• DIRECTIONS FOR THIS TASK: Search for the word "lambda" in the entries. Each line that holds it should be copied.

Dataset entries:

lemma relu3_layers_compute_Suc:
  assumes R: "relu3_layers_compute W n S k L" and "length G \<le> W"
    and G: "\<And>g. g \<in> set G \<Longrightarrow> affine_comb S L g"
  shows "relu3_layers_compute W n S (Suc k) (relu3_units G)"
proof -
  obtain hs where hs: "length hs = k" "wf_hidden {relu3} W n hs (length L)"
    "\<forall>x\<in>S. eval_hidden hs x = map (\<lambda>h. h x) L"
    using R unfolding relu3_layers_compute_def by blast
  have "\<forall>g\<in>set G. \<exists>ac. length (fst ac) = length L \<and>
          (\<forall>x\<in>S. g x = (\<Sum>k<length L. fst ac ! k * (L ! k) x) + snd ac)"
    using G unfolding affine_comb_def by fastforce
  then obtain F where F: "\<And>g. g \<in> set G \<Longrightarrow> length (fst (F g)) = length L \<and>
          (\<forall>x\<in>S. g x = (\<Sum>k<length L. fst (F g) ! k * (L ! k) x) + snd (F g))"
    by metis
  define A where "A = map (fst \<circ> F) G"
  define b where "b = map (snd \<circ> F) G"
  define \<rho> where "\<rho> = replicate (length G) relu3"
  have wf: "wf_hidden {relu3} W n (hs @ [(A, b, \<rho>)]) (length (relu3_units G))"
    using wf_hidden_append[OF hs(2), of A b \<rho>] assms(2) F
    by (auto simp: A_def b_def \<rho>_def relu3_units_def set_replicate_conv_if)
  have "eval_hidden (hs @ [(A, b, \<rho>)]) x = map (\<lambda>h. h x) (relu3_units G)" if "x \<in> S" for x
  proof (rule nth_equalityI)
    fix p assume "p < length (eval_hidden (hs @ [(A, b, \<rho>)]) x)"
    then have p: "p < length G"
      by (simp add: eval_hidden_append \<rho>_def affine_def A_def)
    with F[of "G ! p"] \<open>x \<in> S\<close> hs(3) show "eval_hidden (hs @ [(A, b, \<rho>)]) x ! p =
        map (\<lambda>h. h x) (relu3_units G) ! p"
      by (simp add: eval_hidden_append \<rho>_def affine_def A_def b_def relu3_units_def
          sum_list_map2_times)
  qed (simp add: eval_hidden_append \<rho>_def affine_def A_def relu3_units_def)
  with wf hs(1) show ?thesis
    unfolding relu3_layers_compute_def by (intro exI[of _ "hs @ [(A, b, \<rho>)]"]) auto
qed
* * *
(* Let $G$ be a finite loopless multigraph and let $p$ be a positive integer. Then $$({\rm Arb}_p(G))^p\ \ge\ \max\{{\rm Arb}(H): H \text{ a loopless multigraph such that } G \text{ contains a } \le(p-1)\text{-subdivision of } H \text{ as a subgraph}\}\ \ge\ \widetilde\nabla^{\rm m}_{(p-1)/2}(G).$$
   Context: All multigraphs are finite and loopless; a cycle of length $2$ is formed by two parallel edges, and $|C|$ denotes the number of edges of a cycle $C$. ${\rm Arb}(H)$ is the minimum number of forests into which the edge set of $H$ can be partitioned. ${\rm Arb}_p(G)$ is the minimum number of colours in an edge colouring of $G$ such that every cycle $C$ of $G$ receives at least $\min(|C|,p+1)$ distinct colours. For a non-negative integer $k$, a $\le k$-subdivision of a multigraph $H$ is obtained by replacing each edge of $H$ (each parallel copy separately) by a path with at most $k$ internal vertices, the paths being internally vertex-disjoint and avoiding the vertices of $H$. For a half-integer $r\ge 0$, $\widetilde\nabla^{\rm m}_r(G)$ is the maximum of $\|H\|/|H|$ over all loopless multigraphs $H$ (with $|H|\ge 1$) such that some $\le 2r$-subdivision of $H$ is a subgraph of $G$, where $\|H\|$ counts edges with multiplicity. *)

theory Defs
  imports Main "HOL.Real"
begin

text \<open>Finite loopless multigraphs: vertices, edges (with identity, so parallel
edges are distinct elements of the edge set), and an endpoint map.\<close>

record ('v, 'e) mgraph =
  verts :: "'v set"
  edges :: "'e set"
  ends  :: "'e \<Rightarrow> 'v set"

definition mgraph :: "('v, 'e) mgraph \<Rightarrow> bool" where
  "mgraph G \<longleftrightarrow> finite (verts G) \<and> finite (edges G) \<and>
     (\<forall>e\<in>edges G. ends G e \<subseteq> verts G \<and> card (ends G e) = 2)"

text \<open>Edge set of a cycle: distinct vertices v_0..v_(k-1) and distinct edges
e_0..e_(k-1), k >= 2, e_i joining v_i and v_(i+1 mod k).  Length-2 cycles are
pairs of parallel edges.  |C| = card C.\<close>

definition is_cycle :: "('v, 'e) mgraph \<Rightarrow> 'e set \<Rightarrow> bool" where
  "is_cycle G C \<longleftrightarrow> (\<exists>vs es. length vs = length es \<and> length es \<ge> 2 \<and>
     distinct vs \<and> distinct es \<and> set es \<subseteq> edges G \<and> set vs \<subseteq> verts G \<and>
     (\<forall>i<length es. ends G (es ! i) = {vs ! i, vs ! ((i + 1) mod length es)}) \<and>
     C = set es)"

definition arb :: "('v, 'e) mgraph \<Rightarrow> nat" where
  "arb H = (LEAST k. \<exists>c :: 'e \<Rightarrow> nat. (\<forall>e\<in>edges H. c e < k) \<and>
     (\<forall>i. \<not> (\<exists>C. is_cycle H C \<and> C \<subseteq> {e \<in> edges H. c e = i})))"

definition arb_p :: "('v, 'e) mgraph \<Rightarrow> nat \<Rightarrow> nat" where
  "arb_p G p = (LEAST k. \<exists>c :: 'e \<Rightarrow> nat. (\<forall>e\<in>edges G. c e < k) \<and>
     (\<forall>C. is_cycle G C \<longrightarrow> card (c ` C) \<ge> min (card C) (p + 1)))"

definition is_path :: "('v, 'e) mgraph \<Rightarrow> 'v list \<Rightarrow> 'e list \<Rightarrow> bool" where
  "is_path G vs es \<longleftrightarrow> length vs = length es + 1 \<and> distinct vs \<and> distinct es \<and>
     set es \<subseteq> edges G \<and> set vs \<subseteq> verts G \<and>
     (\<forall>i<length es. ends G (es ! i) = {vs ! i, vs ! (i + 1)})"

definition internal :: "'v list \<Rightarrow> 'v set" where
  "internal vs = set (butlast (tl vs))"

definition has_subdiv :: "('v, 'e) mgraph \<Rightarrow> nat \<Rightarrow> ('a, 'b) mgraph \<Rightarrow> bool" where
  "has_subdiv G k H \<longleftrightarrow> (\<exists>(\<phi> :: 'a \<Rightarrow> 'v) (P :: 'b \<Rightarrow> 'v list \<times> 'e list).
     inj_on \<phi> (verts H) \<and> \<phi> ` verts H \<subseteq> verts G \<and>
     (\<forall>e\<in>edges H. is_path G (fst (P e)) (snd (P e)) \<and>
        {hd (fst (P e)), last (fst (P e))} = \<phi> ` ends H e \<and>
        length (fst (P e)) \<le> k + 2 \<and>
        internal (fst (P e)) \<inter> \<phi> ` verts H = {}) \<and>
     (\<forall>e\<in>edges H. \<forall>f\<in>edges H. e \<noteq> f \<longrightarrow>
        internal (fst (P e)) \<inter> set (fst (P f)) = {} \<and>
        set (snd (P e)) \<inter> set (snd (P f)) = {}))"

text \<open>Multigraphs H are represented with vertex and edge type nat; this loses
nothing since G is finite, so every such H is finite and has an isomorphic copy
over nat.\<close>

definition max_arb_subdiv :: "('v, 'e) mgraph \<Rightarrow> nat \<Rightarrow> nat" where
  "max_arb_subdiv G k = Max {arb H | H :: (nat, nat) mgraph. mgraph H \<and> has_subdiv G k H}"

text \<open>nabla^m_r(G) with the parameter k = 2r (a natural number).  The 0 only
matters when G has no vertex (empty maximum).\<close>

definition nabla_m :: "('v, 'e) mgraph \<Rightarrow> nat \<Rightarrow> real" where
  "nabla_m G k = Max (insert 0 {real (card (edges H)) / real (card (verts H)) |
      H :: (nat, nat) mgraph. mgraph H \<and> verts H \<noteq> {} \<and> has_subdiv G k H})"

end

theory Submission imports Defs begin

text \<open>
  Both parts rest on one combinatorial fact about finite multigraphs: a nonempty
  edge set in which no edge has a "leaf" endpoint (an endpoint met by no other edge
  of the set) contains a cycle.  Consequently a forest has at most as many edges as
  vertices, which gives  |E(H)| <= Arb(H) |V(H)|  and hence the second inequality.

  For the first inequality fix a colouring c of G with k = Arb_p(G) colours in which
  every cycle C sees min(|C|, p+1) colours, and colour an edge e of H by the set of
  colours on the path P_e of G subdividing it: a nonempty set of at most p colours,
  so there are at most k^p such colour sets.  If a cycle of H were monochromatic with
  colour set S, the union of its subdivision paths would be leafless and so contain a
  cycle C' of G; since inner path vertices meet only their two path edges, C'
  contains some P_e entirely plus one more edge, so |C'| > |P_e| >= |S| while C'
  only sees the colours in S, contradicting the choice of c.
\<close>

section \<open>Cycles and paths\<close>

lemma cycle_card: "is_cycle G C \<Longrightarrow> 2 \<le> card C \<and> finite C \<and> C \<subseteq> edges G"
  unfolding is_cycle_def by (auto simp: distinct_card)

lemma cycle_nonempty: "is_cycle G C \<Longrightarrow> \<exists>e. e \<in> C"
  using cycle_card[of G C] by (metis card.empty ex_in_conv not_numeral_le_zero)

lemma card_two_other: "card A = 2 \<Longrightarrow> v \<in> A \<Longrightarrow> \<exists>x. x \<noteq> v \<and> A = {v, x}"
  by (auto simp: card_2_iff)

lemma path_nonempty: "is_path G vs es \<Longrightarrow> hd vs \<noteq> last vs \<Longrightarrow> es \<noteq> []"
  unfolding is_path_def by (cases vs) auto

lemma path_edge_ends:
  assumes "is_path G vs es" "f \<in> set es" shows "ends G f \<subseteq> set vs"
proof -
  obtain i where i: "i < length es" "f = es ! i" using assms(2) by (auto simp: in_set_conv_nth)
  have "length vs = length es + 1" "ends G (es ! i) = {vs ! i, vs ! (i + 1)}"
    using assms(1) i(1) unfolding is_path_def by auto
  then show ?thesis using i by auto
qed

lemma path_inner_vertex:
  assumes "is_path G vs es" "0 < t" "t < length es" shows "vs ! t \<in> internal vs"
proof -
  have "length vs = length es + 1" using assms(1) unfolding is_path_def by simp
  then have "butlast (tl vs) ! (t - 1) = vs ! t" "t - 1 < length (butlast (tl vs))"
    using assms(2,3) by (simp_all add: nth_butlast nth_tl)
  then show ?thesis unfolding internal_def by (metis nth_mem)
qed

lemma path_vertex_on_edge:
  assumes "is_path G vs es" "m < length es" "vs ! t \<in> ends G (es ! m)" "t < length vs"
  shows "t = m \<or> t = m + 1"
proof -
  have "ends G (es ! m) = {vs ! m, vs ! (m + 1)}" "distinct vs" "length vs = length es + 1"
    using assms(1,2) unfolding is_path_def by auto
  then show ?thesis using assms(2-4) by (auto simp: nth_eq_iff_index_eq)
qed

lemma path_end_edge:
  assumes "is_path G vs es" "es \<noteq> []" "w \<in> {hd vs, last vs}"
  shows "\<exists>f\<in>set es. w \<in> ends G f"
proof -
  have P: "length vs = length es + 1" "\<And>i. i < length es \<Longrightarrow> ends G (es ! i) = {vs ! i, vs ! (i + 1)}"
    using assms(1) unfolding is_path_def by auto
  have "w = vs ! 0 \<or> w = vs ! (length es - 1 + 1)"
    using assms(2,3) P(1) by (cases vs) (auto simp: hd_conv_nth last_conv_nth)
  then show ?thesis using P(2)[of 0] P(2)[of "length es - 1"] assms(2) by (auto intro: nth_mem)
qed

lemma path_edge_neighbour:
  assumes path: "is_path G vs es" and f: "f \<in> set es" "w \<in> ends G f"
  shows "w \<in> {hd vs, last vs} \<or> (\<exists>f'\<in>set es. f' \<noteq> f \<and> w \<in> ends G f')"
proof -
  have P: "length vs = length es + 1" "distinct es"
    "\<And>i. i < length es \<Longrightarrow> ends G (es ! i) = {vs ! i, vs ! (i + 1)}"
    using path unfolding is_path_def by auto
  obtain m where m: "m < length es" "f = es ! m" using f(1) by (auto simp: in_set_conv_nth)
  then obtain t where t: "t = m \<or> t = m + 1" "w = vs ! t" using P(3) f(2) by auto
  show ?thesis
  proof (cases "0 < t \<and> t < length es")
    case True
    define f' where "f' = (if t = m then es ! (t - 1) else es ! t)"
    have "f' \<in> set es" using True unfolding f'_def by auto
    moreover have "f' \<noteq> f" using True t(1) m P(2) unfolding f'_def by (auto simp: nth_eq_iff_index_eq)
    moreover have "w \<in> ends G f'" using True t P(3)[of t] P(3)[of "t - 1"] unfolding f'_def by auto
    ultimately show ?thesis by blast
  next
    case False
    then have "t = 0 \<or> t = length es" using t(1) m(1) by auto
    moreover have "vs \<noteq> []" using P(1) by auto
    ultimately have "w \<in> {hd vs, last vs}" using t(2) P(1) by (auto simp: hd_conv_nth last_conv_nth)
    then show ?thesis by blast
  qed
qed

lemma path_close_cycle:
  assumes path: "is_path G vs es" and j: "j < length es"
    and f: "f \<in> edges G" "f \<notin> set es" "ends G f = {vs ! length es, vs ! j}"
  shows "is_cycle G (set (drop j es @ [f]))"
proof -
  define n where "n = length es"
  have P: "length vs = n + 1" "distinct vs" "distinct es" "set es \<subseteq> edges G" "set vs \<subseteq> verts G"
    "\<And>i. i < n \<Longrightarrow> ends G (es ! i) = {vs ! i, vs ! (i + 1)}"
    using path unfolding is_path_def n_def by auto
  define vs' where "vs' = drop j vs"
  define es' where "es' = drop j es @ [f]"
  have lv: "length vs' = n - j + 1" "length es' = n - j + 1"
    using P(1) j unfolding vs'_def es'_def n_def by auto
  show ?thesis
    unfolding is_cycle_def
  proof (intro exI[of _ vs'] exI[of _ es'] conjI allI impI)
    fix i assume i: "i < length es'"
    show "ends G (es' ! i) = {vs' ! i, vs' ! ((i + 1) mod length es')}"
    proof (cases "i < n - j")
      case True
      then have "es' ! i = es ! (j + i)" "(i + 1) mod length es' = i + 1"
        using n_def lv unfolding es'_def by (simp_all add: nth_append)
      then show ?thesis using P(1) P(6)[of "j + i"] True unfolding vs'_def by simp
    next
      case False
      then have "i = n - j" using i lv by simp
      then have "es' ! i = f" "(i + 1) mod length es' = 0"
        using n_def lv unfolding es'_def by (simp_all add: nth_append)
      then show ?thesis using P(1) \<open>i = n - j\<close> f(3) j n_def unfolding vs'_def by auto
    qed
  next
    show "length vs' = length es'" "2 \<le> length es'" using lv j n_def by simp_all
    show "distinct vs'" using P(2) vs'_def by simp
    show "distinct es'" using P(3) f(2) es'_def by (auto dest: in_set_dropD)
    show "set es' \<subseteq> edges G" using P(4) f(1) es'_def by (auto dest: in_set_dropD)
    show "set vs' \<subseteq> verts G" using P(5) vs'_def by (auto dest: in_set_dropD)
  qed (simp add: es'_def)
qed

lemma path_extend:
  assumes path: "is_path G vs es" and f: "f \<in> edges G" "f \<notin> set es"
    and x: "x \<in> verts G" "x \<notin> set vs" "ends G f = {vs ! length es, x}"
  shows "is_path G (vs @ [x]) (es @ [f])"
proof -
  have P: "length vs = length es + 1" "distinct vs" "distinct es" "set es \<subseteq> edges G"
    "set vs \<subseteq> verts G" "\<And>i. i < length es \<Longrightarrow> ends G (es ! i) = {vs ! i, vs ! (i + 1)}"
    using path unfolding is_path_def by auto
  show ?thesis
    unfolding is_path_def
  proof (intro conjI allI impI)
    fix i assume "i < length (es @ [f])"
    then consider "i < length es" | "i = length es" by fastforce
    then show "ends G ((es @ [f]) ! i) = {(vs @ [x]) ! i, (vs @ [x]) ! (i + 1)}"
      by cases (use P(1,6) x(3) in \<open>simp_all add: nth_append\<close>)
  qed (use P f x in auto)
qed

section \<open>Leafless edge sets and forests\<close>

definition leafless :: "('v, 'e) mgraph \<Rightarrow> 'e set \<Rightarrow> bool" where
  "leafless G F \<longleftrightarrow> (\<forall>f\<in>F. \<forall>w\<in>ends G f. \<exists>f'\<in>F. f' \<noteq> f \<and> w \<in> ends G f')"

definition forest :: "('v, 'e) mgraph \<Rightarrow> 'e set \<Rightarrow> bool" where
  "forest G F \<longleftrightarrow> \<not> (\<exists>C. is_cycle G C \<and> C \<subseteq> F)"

• WORKED SOLUTION:
    "\<forall>x\<in>S. eval_hidden hs x = map (\<lambda>h. h x) L"
  have "eval_hidden (hs @ [(A, b, \<rho>)]) x = map (\<lambda>h. h x) (relu3_units G)" if "x \<in> S" for x
        map (\<lambda>h. h x) (relu3_units G) ! p"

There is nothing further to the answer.